Data records
--- START ---

section \<open>Numerical estimates\<close>

lemma exp_le_one_plus_sq:
  fixes x :: real
  assumes "\<bar>x\<bar> \<le> 1"
  shows "exp x \<le> 1 + x + x^2"
proof (cases "0 \<le> x")
  case True
  then show ?thesis using assms exp_bound by simp
next
  case False
  define h where "h = - x"
  have h: "0 < h" "h \<le> 1" using False assms unfolding h_def by auto
  have "exp x = 1 / exp h" unfolding h_def by (simp add: exp_minus field_simps)
  also have "\<dots> \<le> 1 / (1 + h)"
    using h by (intro divide_left_mono) (auto simp: add.commute)
  also have "\<dots> \<le> 1 - h + h^2"
    using h by (simp add: field_simps power2_eq_square power3_eq_cube mult_nonneg_nonneg)
  finally show ?thesis unfolding h_def by simp
qed

lemma binomial_mgf_centered_le:
  fixes \<rho> h :: real
  assumes "0 \<le> \<rho>" "\<rho> \<le> 1" "\<bar>h\<bar> \<le> 1"
  shows "exp (- (real n * \<rho> * h)) * (1 - \<rho> + \<rho> * exp h)^n \<le> exp (real n * \<rho> * h^2)"
proof -
  have "1 - \<rho> + \<rho> * exp h \<le> exp (\<rho> * (exp h - 1))"
    using exp_ge_add_one_self[of "\<rho> * (exp h - 1)"] by (simp add: algebra_simps)
  also have "\<dots> \<le> exp (\<rho> * (h + h^2))"
    using exp_le_one_plus_sq[OF assms(3)] assms(1) by (simp add: mult_left_mono)
  finally have "(1 - \<rho> + \<rho> * exp h)^n \<le> exp (\<rho> * (h + h^2))^n"
    using assms by (intro power_mono) (auto intro: add_nonneg_nonneg)
  then show ?thesis
    by (simp add: exp_of_nat_mult[symmetric] exp_add[symmetric] exp_minus field_simps)
qed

--- END ---

### ABOUT THIS TASK
Filter by the word "dots": copy every line of the data that holds it.

### THE COMPLETED TASK
  also have "\<dots> \<le> 1 / (1 + h)"
  also have "\<dots> \<le> 1 - h + h^2"
  also have "\<dots> \<le> exp (\<rho> * (h + h^2))"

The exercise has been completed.